In a third supporting study, the biotransformation of radiolabeled test substance [(5-hydroxy-1,3-dimethylpyrazol- 4-yl)(2-mesyl-4-trifluoromethylphenyl)methanone] was studied in a sandy loam soil (pH 6.1 in CaCl2, 1.4% organic carbon) from Monheim, Germany for 120 d under aerobic conditions in the dark, at 20 °C and 50% of maximum water holding capacity. The experiment was conducted in accordance with the OECD 307, and in compliance with GLP.

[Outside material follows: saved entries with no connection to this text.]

(* Let $n=2k$ with $k\ge1$, let $G_1,\dots,G_n$ be rooted graphs and let $G$ be the decorated path obtained from them, with path vertices $1,\dots,n$. Assume $\alpha_i^{G_i}=\alpha_{n+1-i}^{G_{n+1-i}}$ for all $i$, and that vertices $1$ and $n$ are strongly cospectral in $G$. Fix a sign $s\in\{+,-\}$. Then for a real number $\theta$ the following are equivalent: (i) $\theta\in\Phi_{1n}^s(G)$; (ii) $G[\theta]$ is well defined and $\theta\in\Phi_{1n}^s(G[\theta])$; (iii) $G[\theta]$ is well defined and $\theta$ is an eigenvalue of $A(G^s[\theta])$ in the eigenvalue support of vertex $1$; (iv) $\theta$ is an eigenvalue of $A(G^s)$ in the eigenvalue support of vertex $1$ (equivalently, $\alpha_1^{G^s}(\theta)=0$).
   Context: For a (possibly weighted, possibly with loops) graph $H$ with symmetric real adjacency matrix $A(H)$ (a loop of weight $w$ at $i$ contributes $w$ to the diagonal entry $(i,i)$), $\phi^H=\det(xI-A(H))$ and $\alpha_i^H=\phi^H/\phi^{H\setminus i}$. For an eigenvalue $\theta$, $E_\theta$ is the orthogonal projection onto the eigenspace; the eigenvalue support of $i$ is the set of eigenvalues $\theta$ with $E_\theta e_i\neq0$. Vertices $i,j$ are strongly cospectral if $E_\theta e_i=\pm E_\theta e_j$ for all eigenvalues $\theta$. If $1,n$ are strongly cospectral, $\Phi_{1n}^+(H)$ (resp. $\Phi_{1n}^-(H)$) is the set of eigenvalues $\theta$ in the support of $1$ with $E_\theta e_1=E_\theta e_n$ (resp. $E_\theta e_1=-E_\theta e_n$). The decorated path built from pairwise disjoint rooted graphs $G_1,\dots,G_n$ is obtained from the path on vertices $1,\dots,n$ ($i\sim i+1$) by identifying the root of $G_i$ with vertex $i$; $\alpha_i^{G_i}$ is taken at this root. $G^\pm$ denotes the decorated path on vertices $1,\dots,k$ built from $G_1,\dots,G_k$, with an additional loop of weight $\pm1$ at vertex $k$. For real $\theta$ at which no $\alpha_i^{G_i}$ has a pole, $G[\theta]$ is well defined and is the weighted path on $1,\dots,n$ with unit edge weights and a loop of weight $\theta-\alpha_i^{G_i}(\theta)$ at each $i$; $G^\pm[\theta]$ is the weighted path on $1,\dots,k$ with unit edge weights, loop weight $\theta-\alpha_i^{G_i}(\theta)$ at $i<k$, and loop weight $\theta-\alpha_k^{G_k}(\theta)\pm1$ at $k$. *)

theory Defs
  imports "Jordan_Normal_Form.Char_Poly" "HOL-Computational_Algebra.Normalized_Fraction" "HOL-Computational_Algebra.Field_as_Ring" "HOL-Computational_Algebra.Polynomial_Factorial"
begin

text \<open>Graphs are represented by their (symmetric, real) adjacency matrices; vertices
  of a matrix of dimension N are 0,...,N-1. A rooted graph is a pair (M i, r i) of a
  square symmetric real matrix and a root index r i < dim_row (M i).\<close>

definition eigenspace :: "real mat \<Rightarrow> real \<Rightarrow> real vec set" where
  "eigenspace A \<theta> = {v \<in> carrier_vec (dim_row A). A *\<^sub>v v = \<theta> \<cdot>\<^sub>v v}"

definition eig_proj :: "real mat \<Rightarrow> real \<Rightarrow> real vec \<Rightarrow> real vec" where
  "eig_proj A \<theta> x = (THE p. p \<in> eigenspace A \<theta> \<and> (\<forall>w\<in>eigenspace A \<theta>. (x - p) \<bullet> w = 0))"

definition eig_support :: "real mat \<Rightarrow> nat \<Rightarrow> real set" where
  "eig_support A i = {\<theta>. eigenvalue A \<theta> \<and>
      eig_proj A \<theta> (unit_vec (dim_row A) i) \<noteq> 0\<^sub>v (dim_row A)}"

definition strongly_cospectral :: "real mat \<Rightarrow> nat \<Rightarrow> nat \<Rightarrow> bool" where
  "strongly_cospectral A i j \<longleftrightarrow> (\<forall>\<theta>. eigenvalue A \<theta> \<longrightarrow>
      (eig_proj A \<theta> (unit_vec (dim_row A) i) = eig_proj A \<theta> (unit_vec (dim_row A) j) \<or>
       eig_proj A \<theta> (unit_vec (dim_row A) i) = - eig_proj A \<theta> (unit_vec (dim_row A) j)))"

text \<open>Phi^s_{ij}(A) with sign s = 1 (for +) or s = -1 (for -).\<close>
definition Phi :: "real mat \<Rightarrow> real \<Rightarrow> nat \<Rightarrow> nat \<Rightarrow> real set" where
  "Phi A s i j = {\<theta> \<in> eig_support A i.
      eig_proj A \<theta> (unit_vec (dim_row A) i) = s \<cdot>\<^sub>v eig_proj A \<theta> (unit_vec (dim_row A) j)}"

definition alpha :: "real mat \<Rightarrow> nat \<Rightarrow> real poly fract" where
  "alpha A i = Fraction_Field.Fract (char_poly A) (char_poly (mat_delete A i i))"

definition rf_pole :: "real poly fract \<Rightarrow> real \<Rightarrow> bool" where
  "rf_pole f x \<longleftrightarrow> poly (snd (quot_of_fract f)) x = 0"

definition rf_val :: "real poly fract \<Rightarrow> real \<Rightarrow> real" where
  "rf_val f x = poly (fst (quot_of_fract f)) x / poly (snd (quot_of_fract f)) x"

definition offs :: "(nat \<Rightarrow> real mat) \<Rightarrow> nat \<Rightarrow> nat" where
  "offs M i = (\<Sum>j<i. dim_row (M j))"

text \<open>Index of path vertex i+1 (0-based i) in the decorated path = root of G_{i+1}.\<close>
definition pathv :: "(nat \<Rightarrow> real mat) \<Rightarrow> (nat \<Rightarrow> nat) \<Rightarrow> nat \<Rightarrow> nat" where
  "pathv M r i = offs M i + r i"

Results for Radiolabel #A - [phenyl-UL-14C] test substance: The simple first order half-life of [phenyl-UL-14C]test substance in the test soil was 34 days (R² = 0.96). No major transformation products (> 10 % of applied) were observed. At study termination, evolved 14CO2 accounted for 16.3 % of the applied radioactivity. No significant amounts of volatile organics were detected at any sampling timepoint (≤ 0.1 % of applied).

 

Results for Radiolabel #B - [pyrazole-3-14C] test substance: The simple first order half-life of [pyrazole-3-14C]test substance in the test soil was 30 days (R² = 0.95). No transformation products of significance were observed. At study termination, evolved 14CO2 accounted for 18.0% of the applied radioactivity. No significant amounts of volatile organics were detected at any sampling timepoint (≤ 0.1% of applied).